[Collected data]
# # #
lemma inst_subst:
  assumes "inst ((lift_ren ^^ j) (lift_ren g)) u M" and "inst ((lift_ren ^^ j) g) v N"
  shows "inst ((lift_ren ^^ j) g) (subst j v u) (subst j N M)"
  using assms
proof (coinduction arbitrary: j u M v N)
  case inst
  from inst(1) show ?case
  proof (cases rule: inst.cases)
    case hole
    then show ?thesis by (auto intro: hole_headed_subst)
  next
    case (var i m)
    consider "i < j" | "i = j" | "j < i" by linarith
    then show ?thesis
    proof cases
      case 1
      with var show ?thesis by (auto simp: lift_ren_pow_below)
    next
      case 2
      with var have "subst j v u = v" "subst j N M = N"
        by (auto simp: lift_ren_pow_above lift_ren_def)
      with inst(2) show ?thesis by (auto elim: inst.cases)
    next
      case 3
      then obtain i' where "i = Suc i'" "j \<le> i'" by (cases i) auto
      with var show ?thesis by (auto simp: lift_ren_pow_above lift_ren_def Suc_diff_le)
    qed
  next
    case (app u1 M1 u2 M2)
    with inst(2) show ?thesis by simp blast
  next
    case (lam u' M')
    moreover have "inst ((lift_ren ^^ Suc j) g) (shift 0 v) (shift 0 N)"
      using inst_shift[of 0 "(lift_ren ^^ j) g"] inst(2) by simp
    ultimately show ?thesis by (fastforce intro!: exI[of _ "Suc j"])
  qed auto
qed

lemma inst_subst_self: "inst ((lift_ren ^^ k) (case_nat None Some)) u (subst k v u)"
proof (coinduction arbitrary: k u v)
  case inst
  show ?case
  proof (cases u)
    case (Var i)
    then show ?thesis
      by (cases "i < k"; cases "i = k")
        (auto simp: lift_ren_pow_below lift_ren_pow_above intro: hole_headed.var split: nat.split)
  next
    case (Lam b)
    then show ?thesis by (fastforce intro!: exI[of _ "Suc k"])
  qed auto
qed

lemma inst_shift_self: "inst ((lift_ren ^^ c) (Some \<circ> Suc)) u (shift c u)"
proof (coinduction arbitrary: c u)
  case inst
  show ?case
  proof (cases u)
    case (Var i)
    then show ?thesis by (cases "i < c") (auto simp: lift_ren_pow_below lift_ren_pow_above)
  next
    case (Lam b)
    then show ?thesis by (fastforce intro!: exI[of _ "Suc c"])
  qed auto
qed

lemma beta_star_App:
  assumes "beta_star s s'" and "beta_star t t'"
  shows "beta_star (App s t) (App s' t')"
proof -
  have "beta_star (App s t) (App s' t)"
    by (rule rtranclp_map[OF _ assms(1)]) (simp add: r_into_rtranclp beta.appL)
  also have "beta_star (App s' t) (App s' t')"
    by (rule rtranclp_map[OF _ assms(2)]) (simp add: r_into_rtranclp beta.appR)
  finally show ?thesis .
qed

lemma beta_star_Lam: "beta_star s s' \<Longrightarrow> beta_star (Lam s) (Lam s')"
  by (rule rtranclp_map[of beta beta Lam]) (simp_all add: r_into_rtranclp beta.lam)

lemma inst_beta_back: "beta M M' \<Longrightarrow> inst g u M \<Longrightarrow> \<exists>u'. beta_star u u' \<and> inst g u' M'"
proof (induction arbitrary: g u rule: beta.induct)
  case (root s t)
  from root show ?case
  proof (cases rule: inst.cases)
    case (app u1 u2)
    from app(2) show ?thesis
    proof (cases rule: inst.cases)
      case hole
      with app show ?thesis by (auto intro: inst.hole hole_headed.app)
    next
      case (lam p)
      have "beta u (subst 0 u2 p)" using app lam by (auto intro: beta.root)
      moreover have "inst g (subst 0 u2 p) (subst 0 t s)"
        using inst_subst[of 0 g p s u2 t] lam app by simp
      ultimately show ?thesis by blast
    qed
  qed (auto intro: inst.hole)
next
  case (appL s s' t)
  from appL.prems show ?case
  proof (cases rule: inst.cases)
    case (app u1 u2)
    with appL.IH show ?thesis by (blast intro: beta_star_App inst.app)
  qed (auto intro: inst.hole)
next
  case (appR s s' t)
  from appR.prems show ?case
  proof (cases rule: inst.cases)
    case (app u1 u2)
    with appR.IH show ?thesis by (blast intro: beta_star_App inst.app)
  qed (auto intro: inst.hole)
next
  case (lam s s')
  from lam.prems show ?case
  proof (cases rule: inst.cases)
    case (lam u0)
    with lam.IH show ?thesis by (blast intro: beta_star_Lam inst.lam)
  qed (auto intro: inst.hole)
qed

lemma inst_beta_star_back:
  "beta_star M M' \<Longrightarrow> inst g u M \<Longrightarrow> \<exists>u'. beta_star u u' \<and> inst g u' M'"
proof (induction arbitrary: u rule: rtranclp_induct)
  case (step M1 M2)
  then obtain u1 where "beta_star u u1" "inst g u1 M1" by blast
  with inst_beta_back[OF step(2)] show ?case by (meson rtranclp_trans)
qed blast

lemma hd_app_inst_back: "hd_app M \<Longrightarrow> inst g u M \<Longrightarrow> hd_app u"
proof (induction arbitrary: u rule: hd_app.induct)
  case (app h t)
  from app.prems show ?case
    by (cases rule: inst.cases) (auto intro: hd_app.intros hole_headed_hd_app app.IH)
qed (auto elim: inst.cases intro: hd_app.intros hole_headed_hd_app)

lemma hnf_inst_back: "hnf M \<Longrightarrow> inst g u M \<Longrightarrow> hnf u"
proof (induction arbitrary: g u rule: hnf.induct)
  case (base t)
  then show ?case by (auto intro: hnf.base hd_app_inst_back)
next
  case (lam t)
  from lam.prems show ?case
    by (cases rule: inst.cases) (auto intro: hnf.intros hole_headed_hd_app lam.IH)
qed

lemma has_hnf_inst_back: "inst g u M \<Longrightarrow> has_hnf M \<Longrightarrow> has_hnf u"
  unfolding has_hnf_def by (metis inst_beta_star_back hnf_inst_back)

lemma has_hnf_substD: "has_hnf (subst k v u) \<Longrightarrow> has_hnf u"
  using has_hnf_inst_back inst_subst_self by blast

lemma has_hnf_shiftD: "has_hnf (shift c u) \<Longrightarrow> has_hnf u"
  using has_hnf_inst_back inst_shift_self by blast

lemma beta_bot_star_App:
  assumes "beta_bot_star s s'" and "beta_bot_star t t'"
  shows "beta_bot_star (App s t) (App s' t')"
proof -
  have "beta_bot_star (App s t) (App s' t)"
    by (rule rtranclp_map[OF _ assms(1)]) (simp add: r_into_rtranclp beta_bot.appL)
  also have "beta_bot_star (App s' t) (App s' t')"
    by (rule rtranclp_map[OF _ assms(2)]) (simp add: r_into_rtranclp beta_bot.appR)
  finally show ?thesis .
qed

lemma beta_bot_star_Lam: "beta_bot_star s s' \<Longrightarrow> beta_bot_star (Lam s) (Lam s')"
  by (rule rtranclp_map[of beta_bot beta_bot Lam]) (simp_all add: r_into_rtranclp beta_bot.lam)

lemma beta_bot_shift: "beta_bot M M' \<Longrightarrow> beta_bot (shift c M) (shift c M')"
proof (induction arbitrary: c rule: beta_bot.induct)
  case (root_beta s t)
  have "beta_bot (shift c (App (Lam s) t)) (subst 0 (shift c t) (shift (Suc c) s))"
    by (simp add: beta_bot.root_beta)
  then show ?case by (simp add: shift_subst)
next
  case (root_bot t)
  moreover have "shift c t \<noteq> Bot" using \<open>t \<noteq> Bot\<close> by (cases t) auto
  ultimately show ?case by (auto intro: beta_bot.root_bot dest: has_hnf_shiftD)
qed (auto intro: beta_bot.intros)

lemma beta_bot_subst: "beta_bot M M' \<Longrightarrow> beta_bot_star (subst k v M) (subst k v M')"
proof (induction arbitrary: k v rule: beta_bot.induct)
  case (root_beta s t)
  have "beta_bot (subst k v (App (Lam s) t)) (subst 0 (subst k v t) (subst (Suc k) (shift 0 v) s))"
    by (simp add: beta_bot.root_beta)
  then show ?case by (simp add: subst_subst)
next
  case (root_bot t)
  show ?case
  proof (cases "subst k v t = Bot")
    case False
    with root_bot have "beta_bot (subst k v t) Bot"
      by (blast intro: beta_bot.root_bot dest: has_hnf_substD)
    then show ?thesis by simp
  qed (metis rtranclp.rtrancl_refl subst_simps(3))
qed (auto intro: beta_bot_star_App beta_bot_star_Lam)

lemma beta_bot_star_shift: "beta_bot_star M M' \<Longrightarrow> beta_bot_star (shift c M) (shift c M')"
  by (rule rtranclp_map[of beta_bot]) (simp_all add: r_into_rtranclp beta_bot_shift)

lemma beta_bot_star_subst: "beta_bot_star M M' \<Longrightarrow> beta_bot_star (subst k v M) (subst k v M')"
  by (rule rtranclp_map[of beta_bot]) (simp_all add: beta_bot_subst)

lemma inf_beta_bot_prepend: "beta_bot_star s s' \<Longrightarrow> inf_beta_bot s' t \<Longrightarrow> inf_beta_bot s t"
  by (erule inf_beta_bot.cases) (auto intro: inf_beta_bot.intros rtranclp_trans)

lemma inf_beta_bot_shift: "inf_beta_bot M M' \<Longrightarrow> inf_beta_bot (shift c M) (shift c M')"
proof (coinduction arbitrary: c M M')
  case inf_beta_bot
  then show ?case
    by (cases rule: inf_beta_bot.cases) (fastforce dest: beta_bot_star_shift[of M _ c])+
qed

lemma inf_beta_bot_subst:
  "inf_beta_bot M M' \<Longrightarrow> inf_beta_bot N N' \<Longrightarrow> inf_beta_bot (subst k N M) (subst k N' M')"
proof (coinduction arbitrary: k M M' N N')
  case inf_beta_bot
  from inf_beta_bot(1) show ?case
  proof (cases rule: inf_beta_bot.cases)
    case (var i)
    show ?thesis
    proof (cases "i = k")
      case True
      have "inf_beta_bot (subst k N M) N'"
        using inf_beta_bot_prepend[OF beta_bot_star_subst[OF var(2)]] True inf_beta_bot(2) by simp
      then show ?thesis using var True by (cases rule: inf_beta_bot.cases) auto
    next
      case False
      with var show ?thesis using beta_bot_star_subst[OF var(2), of k N] by auto
    qed
  next
    case (lam r r')
    with inf_beta_bot(2) show ?thesis
      using beta_bot_star_subst[of M "Lam r" k N] inf_beta_bot_shift[of N N' 0] by auto blast
  qed (use inf_beta_bot(2) in \<open>fastforce dest: beta_bot_star_subst[of M _ k N]\<close>)+
qed

lemma inf_beta_bot_beta: "beta s r \<Longrightarrow> inf_beta_bot t s \<Longrightarrow> inf_beta_bot t r"
proof (induction arbitrary: t rule: beta.induct)
  case (root b a)
  then obtain t1 t2 where t: "beta_bot_star t (App t1 t2)" "inf_beta_bot t1 (Lam b)" "inf_beta_bot t2 a"
    by (cases rule: inf_beta_bot.cases) auto
  from t(2) obtain u where u: "beta_bot_star t1 (Lam u)" "inf_beta_bot u b"
    by (cases rule: inf_beta_bot.cases) auto
  have "beta_bot_star t (App (Lam u) t2)"
    using t(1) u(1) beta_bot_star_App by (blast intro: rtranclp_trans)
  then have "beta_bot_star t (subst 0 t2 u)"
    by (blast intro: beta_bot.root_beta rtranclp.rtrancl_into_rtrancl)
  moreover have "inf_beta_bot (subst 0 t2 u) (subst 0 a b)"
    using inf_beta_bot_subst t u by blast
  ultimately show ?case by (rule inf_beta_bot_prepend)
next
  case (appL s s' t')
  from appL.prems show ?case
    by (cases rule: inf_beta_bot.cases) (auto intro: inf_beta_bot.app appL.IH)
next
  case (appR s s' t')
  from appR.prems show ?case
    by (cases rule: inf_beta_bot.cases) (auto intro: inf_beta_bot.app appR.IH)
next
  case (lam s s')
  from lam.prems show ?case
    by (cases rule: inf_beta_bot.cases) (auto intro: inf_beta_bot.lam lam.IH)
qed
# # #
→ Aim of the exercise
Reproduce the line containing "using t(1) u(1)" and every line after it. Stop at the last line of the records, and add nothing.

→ Response box
    using t(1) u(1) beta_bot_star_App by (blast intro: rtranclp_trans)
  then have "beta_bot_star t (subst 0 t2 u)"
    by (blast intro: beta_bot.root_beta rtranclp.rtrancl_into_rtrancl)
  moreover have "inf_beta_bot (subst 0 t2 u) (subst 0 a b)"
    using inf_beta_bot_subst t u by blast
  ultimately show ?case by (rule inf_beta_bot_prepend)
next
  case (appL s s' t')
  from appL.prems show ?case
    by (cases rule: inf_beta_bot.cases) (auto intro: inf_beta_bot.app appL.IH)
next
  case (appR s s' t')
  from appR.prems show ?case
    by (cases rule: inf_beta_bot.cases) (auto intro: inf_beta_bot.app appR.IH)
next
  case (lam s s')
  from lam.prems show ?case
    by (cases rule: inf_beta_bot.cases) (auto intro: inf_beta_bot.lam lam.IH)
qed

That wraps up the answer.